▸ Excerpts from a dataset

────────────────

end
theorem lemma1:
  fixes g :: 'g and m :: 'm and G :: "('g, 'b) monoid_scheme" and M :: "'m set" and act :: "'g \<Rightarrow> 'm \<Rightarrow> 'm"
    and m0 :: 'm and gc :: "'m \<Rightarrow> 'g" and A :: "'m set" and e :: "'g set"
    and E E' :: "'g set set"
  assumes R: "cell_space G M act m0 gc"
    and A: "A \<subseteq> M"
    and e: "e \<in> cosets G act m0"
    and E: "E \<subseteq> cosets G act m0"
    and E': "E' \<subseteq> cosets G act m0"
  defines "Er \<equiv> erosion G M act m0 gc"
    and "Di \<equiv> dilation G M act m0 gc"
    and "Bd \<equiv> boundary G M act m0 gc"
    and "Pre \<equiv> preim G M act m0 gc"
    and "H \<equiv> G0 G act m0"
    and "\<iota> \<equiv> Gm G act m0"
  shows
    "
    \<comment> \<open>(1)\<close>
    (Er A {H} = A \<and> Di A {H} = A \<and> Bd A {H} = {})
    \<and>
    \<comment> \<open>(2)\<close>
    (Er A {H, e} = A \<inter> Pre e A \<and> Di A {H, e} = A \<union> Pre e A \<and>
     Bd A {H, e} = (A - Pre e A) \<union> (Pre e A - A))
    \<and>
    \<comment> \<open>(3)\<close>
    (Er (M - A) E = M - Di A E \<and> Di (M - A) E = M - Er A E)
    \<and>
    \<comment> \<open>(4)\<close>
    (E \<subseteq> E' \<longrightarrow> Er A E' \<subseteq> Er A E \<and> Di A E \<subseteq> Di A E' \<and> Bd A E \<subseteq> Bd A E')
    \<and>
    \<comment> \<open>(5)\<close>
    (H \<in> E \<longrightarrow> Er A E \<subseteq> A \<and> A \<subseteq> Di A E)
    \<and>
    \<comment> \<open>(6)\<close>
    (H \<in> E \<longrightarrow> finite A \<longrightarrow> finite (Er A E))
    \<and>
    \<comment> \<open>(7)\<close>
    (finite H \<longrightarrow> finite A \<longrightarrow> finite E \<longrightarrow>
       finite (Di A E) \<and> finite (Bd A E) \<and> card (Di A E) \<le> card H * card A * card E)
    \<and>
    \<comment> \<open>(8)\<close>
    (g \<in> carrier G \<longrightarrow> stab_mult G act m0 E \<subseteq> E \<longrightarrow>
       act g ` Er A E = Er (act g ` A) E \<and> act g ` Di A E = Di (act g ` A) E \<and>
       act g ` Bd A E = Bd (act g ` A) E)
    \<and>
    \<comment> \<open>(9)\<close>
    (m \<in> M \<longrightarrow> stab_mult G act m0 E \<subseteq> E \<longrightarrow>
       semi_act G act m0 gc m ` \<iota> ` Er A E = Er (semi_act G act m0 gc m ` \<iota> ` A) E \<and>
       semi_act G act m0 gc m ` \<iota> ` Di A E = Di (semi_act G act m0 gc m ` \<iota> ` A) E \<and>
       semi_act G act m0 gc m ` \<iota> ` Bd A E = Bd (semi_act G act m0 gc m ` \<iota> ` A) E)"
proof -
  interpret cellular_space G M act m0 gc using R by (rule cellular_space.intro)
  note defs = Er_def Di_def Bd_def Pre_def H_def \<iota>_def
  have G0: "Er A {H} = A" "Di A {H} = A"
    using preim_G0[OF A] by (simp_all add: defs erosion_singleton dilation_singleton)
  have pair: "Er A {H, e} = A \<inter> Pre e A" "Di A {H, e} = A \<union> Pre e A"
    using A by (simp_all add: defs erosion_insert_G0 dilation_insert_G0 erosion_singleton dilation_singleton)
  have equivariance: "act g' ` Er A E = Er (act g' ` A) E \<and> act g' ` Di A E = Di (act g' ` A) E \<and>
      act g' ` Bd A E = Bd (act g' ` A) E" if "g' \<in> carrier G" "stab_mult G act m0 E \<subseteq> E" for g'
    using image_erosion[OF that(1) A E that(2)] image_dilation[OF that(1) A E that(2)]
      image_boundary[OF that(1) A E that(2)] unfolding defs by blast
  show ?thesis
  proof (intro conjI impI)
    show "Er (M - A) E = M - Di A E" "Di (M - A) E = M - Er A E"
      by (simp_all add: defs erosion_Diff[OF E] dilation_Diff[OF E])
    show "finite (Di A E)" "card (Di A E) \<le> card H * card A * card E"
      if "finite H" "finite A" "finite E"
      using card_dilation_le[OF _ _ _ A E] that unfolding defs by blast+
    then show "finite (Bd A E)" if "finite H" "finite A" "finite E"
      using that by (simp add: defs boundary_def)
    show "semi_act G act m0 gc m ` \<iota> ` Er A E = Er (semi_act G act m0 gc m ` \<iota> ` A) E"
      "semi_act G act m0 gc m ` \<iota> ` Di A E = Di (semi_act G act m0 gc m ` \<iota> ` A) E"
      "semi_act G act m0 gc m ` \<iota> ` Bd A E = Bd (semi_act G act m0 gc m ` \<iota> ` A) E"
      if "m \<in> M" "stab_mult G act m0 E \<subseteq> E"
      using equivariance[OF coordinate_carrier[OF that(1)] that(2)] that(1) A
      by (simp_all add: defs image_semi_act_Gm erosion_subset dilation_subset boundary_subset)
    show "Er A E' \<subseteq> Er A E" "Di A E \<subseteq> Di A E'" "Bd A E \<subseteq> Bd A E'" if "E \<subseteq> E'"
      using that by (simp_all add: defs erosion_antimono dilation_mono boundary_mono)
    show "Er A E \<subseteq> A" "A \<subseteq> Di A E" if "H \<in> E"
      using A that by (simp_all add: defs erosion_subset_of_G0_mem subset_dilation_of_G0_mem)
    show "finite (Er A E)" if "H \<in> E" "finite A"
      using erosion_subset_of_G0_mem[OF A] finite_subset that unfolding defs by blast
  qed (use G0 pair equivariance in \<open>auto simp: defs boundary_def\<close>)
qed

end
lemma arcsine_expect_ln_quadratic:
  fixes a b :: real
  assumes a: "a \<ge> 0" and b: "b > 0"
  shows "arcsine_expect (\<lambda>x. ln (a * x * (1 - x) + b)) = 2 * ln ((sqrt b + sqrt (b + a / 4)) / 2)"
proof -
  define p q where "p = sqrt b" and "q = sqrt (b + a / 4)"
  define c r where "c = ((p + q) / 2)^2" and "r = (q - p) / (q + p)"
  have p: "p > 0" and q: "q \<ge> p"
    using a b by (simp_all add: p_def q_def)
  have c_pos: "c > 0"
    using p q by (simp add: c_def)
  have r: "\<bar>r\<bar> < 1"
    using p q by (simp add: r_def abs_less_iff field_simps)
  define g where "g t = (1 - cos (pi * t)) / 2" for t :: real
  have factor: "a * g t * (1 - g t) + b = c * (1 - 2 * r * cos (2 * pi * t) + r^2)" for t
  proof -
    have "b = p^2" "a = 4 * (q^2 - p^2)"
      using a b by (simp_all add: p_def q_def)
    then show ?thesis
      using quadratic_versine_factorization[of q p t] p q by (simp add: g_def c_def r_def)
  qed
  have "a * g t * (1 - g t) + b > 0" for t
    using a b by (intro add_nonneg_pos mult_nonneg_nonneg) (auto simp: g_def)
  then have "1 - 2 * r * cos (2 * pi * t) + r^2 > 0" for t
    using c_pos unfolding factor by (simp add: zero_less_mult_iff)
  then have "ln (a * g t * (1 - g t) + b) = ln c + ln (1 - 2 * r * cos (2 * pi * t) + r^2)" for t
    unfolding factor by (rule ln_mult_pos[OF c_pos])
  moreover have "((\<lambda>t. ln c + ln (1 - 2 * r * cos (2 * pi * t) + r^2)) has_integral ln c) {0..1}"
    using has_integral_add[OF has_integral_const_real[of "ln c" 0 1] has_integral_ln_circle[OF r]]
    by simp
  ultimately have "arcsine_expect (\<lambda>x. ln (a * x * (1 - x) + b)) = ln c"
    using arcsine_expect_eq_integral_cos[OF continuous_on_ln_quadratic[OF a b]]
    by (simp add: g_def integral_unique)
  also have "\<dots> = 2 * ln ((p + q) / 2)"
    using p q by (simp add: c_def ln_realpow)
  finally show ?thesis
    unfolding p_def q_def .
qed

theorem mainTheorem15:
  fixes n :: nat
  assumes "n \<ge> 1"
  shows "set_integrable lborel {0<..<1::real}
           (\<lambda>x. arcsine_density x * ln (real n * x * (1 - x) + 1/12))
       \<and> arcsine_expect (\<lambda>x. ln (real n * x * (1 - x) + 1/12))
           = 2 * ln ((1 + sqrt (3 * real n + 1)) / (4 * sqrt 3))
       \<and> H_Yr n \<ge> ln (pi / 4) + Digamma (real n + 1)"
proof (intro conjI)
  have "continuous_on {0..1} (\<lambda>x. ln (real n * x * (1 - x) + 1/12))"
    by (rule continuous_on_ln_quadratic) simp_all
  then show "set_integrable lborel {0<..<1::real} (\<lambda>x. arcsine_density x * ln (real n * x * (1 - x) + 1/12))"
    by (rule set_integrable_arcsine_density_mult)
  have "arcsine_expect (\<lambda>x. ln (real n * x * (1 - x) + 1/12))
      = 2 * ln ((sqrt (1/12) + sqrt (1/12 + real n / 4)) / 2)"
    by (rule arcsine_expect_ln_quadratic) simp_all
  also have "(sqrt (1/12) + sqrt (1/12 + real n / 4)) / 2 = (1 + sqrt (3 * real n + 1)) / (4 * sqrt 3)"
  proof -
    have "sqrt 12 = 2 * sqrt 3"
      using real_sqrt_mult[of 4 3] by simp
    moreover have "1/12 + real n / 4 = (3 * real n + 1) / 12"
      by simp
    ultimately show ?thesis
      by (simp only: real_sqrt_divide) (simp add: add_divide_distrib)
  qed
  finally show "arcsine_expect (\<lambda>x. ln (real n * x * (1 - x) + 1/12))
      = 2 * ln ((1 + sqrt (3 * real n + 1)) / (4 * sqrt 3))" .
  show "H_Yr n \<ge> ln (pi / 4) + Digamma (real n + 1)"
    by (rule H_Yr_ge)
qed

end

────────────────

How many lines in the records above contain the word "that"? Give only the number.

8